Second, watch for concrete wallet or account-standard support that makes opt-in post-quantum protections real without a hard fork or precompile. Without integrations, the proposal stays research-grade even if the cryptography is sound.
Third, the real test for the roadmap is whether leanSPHINCS aggregation prototypes demonstrate a material verification-cost reduction versus SPHINCS-, not just a conceptual path.
Finally, any Ethereum research or roadmap updates that move the conversation from “mitigation without protocol change” toward a dedicated hard-fork path would signal that ecosystem-level opt-in is not sufficient for the threat model being prioritized.

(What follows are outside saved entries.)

(* Let $M\subset\mathbb{R}^2$ be a connected, simply connected open set and let $X:M\to\mathbb{R}^4_1$ be a minimal spacelike graph of first type $X(x,y)=(A(x,y),x,y,B(x,y))$ or of second type $X(x,y)=(x,A(x,y),B(x,y),y)$, with coefficients $E,F,G$ and $W=\sqrt{EG-F^2}$. Fix $z_0\in M$. Then the functions $$u(x,y)=x+\int_{z_0}^{(x,y)}\frac{E\,dx+F\,dy}{W},\qquad v(x,y)=y+\int_{z_0}^{(x,y)}\frac{F\,dx+G\,dy}{W}$$ are well defined on $M$ and satisfy the generalized Cauchy–Riemann equations $$u_y=\frac FE u_x-\frac WE v_x,\qquad v_y=\frac WE u_x+\frac FE v_x,$$ so that $(u,v)$ provide isothermic parameters for $X(M)$.
   Context: $\mathbb{R}^4_1$: $\mathbb{R}^4$ with $\langle (a_0,\dots,a_3),(b_0,\dots,b_3)\rangle=-a_0b_0+a_1b_1+a_2b_2+a_3b_3$. $E=\langle X_x,X_x\rangle$, $F=\langle X_x,X_y\rangle$, $G=\langle X_y,X_y\rangle$. $A,B$ are smooth real functions. Minimal means vanishing mean curvature vector. Isothermic parameters $(u,v)$: the induced metric is $\lambda^2(du^2+dv^2)$. *)

theory Defs
  imports "HOL-Analysis.Analysis"
begin

text \<open>Points of the parameter domain are pairs (x,y) :: real \<times> real.
  Minkowski space R^4_1 is modelled as real^4 with the Lorentzian product below.\<close>

definition lip :: "real^4 \<Rightarrow> real^4 \<Rightarrow> real" where
  "lip a b = - (a$1 * b$1) + a$2 * b$2 + a$3 * b$3 + a$4 * b$4"

definition mk4 :: "real \<Rightarrow> real \<Rightarrow> real \<Rightarrow> real \<Rightarrow> real^4" where
  "mk4 a b c d = (\<chi> i. if i = 1 then a else if i = 2 then b else if i = 3 then c else d)"

definition px :: "(real \<times> real \<Rightarrow> 'b::real_normed_vector) \<Rightarrow> real \<times> real \<Rightarrow> 'b" where
  "px f p = vector_derivative (\<lambda>t. f (t, snd p)) (at (fst p))"

definition py :: "(real \<times> real \<Rightarrow> 'b::real_normed_vector) \<Rightarrow> real \<times> real \<Rightarrow> 'b" where
  "py f p = vector_derivative (\<lambda>t. f (fst p, t)) (at (snd p))"

fun Ck_on :: "nat \<Rightarrow> (real \<times> real) set \<Rightarrow> (real \<times> real \<Rightarrow> real) \<Rightarrow> bool" where
  "Ck_on 0 M f = continuous_on M f"
| "Ck_on (Suc k) M f = (continuous_on M f \<and> f differentiable_on M \<and>
      Ck_on k M (px f) \<and> Ck_on k M (py f))"

definition smooth_on :: "(real \<times> real) set \<Rightarrow> (real \<times> real \<Rightarrow> real) \<Rightarrow> bool" where
  "smooth_on M f = (\<forall>k. Ck_on k M f)"

definition graph1 :: "(real \<times> real \<Rightarrow> real) \<Rightarrow> (real \<times> real \<Rightarrow> real) \<Rightarrow> real \<times> real \<Rightarrow> real^4" where
  "graph1 A B p = mk4 (A p) (fst p) (snd p) (B p)"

Marcus Hale’s Take: A Cheap Opt-In Path Could Shift the Quantum Timeline Debate
I treat the $0.07 headline as a narrative accelerant, not a deployment guarantee. The packet gives no independent benchmarking assumptions, and cost claims in Ethereum land are meaningless until they specify gas, calldata, and execution venue.
The threshold that matters is whether SPHINCS- truly works without a protocol change or precompile and still lands in a cost band wallets can stomach. If that holds, the setup starts to look structural rather than narrative-driven because it turns post-quantum protection into an opt-in account feature that can spread through standards and integrations, not a single hard-fork moment that markets can perpetually push into the future.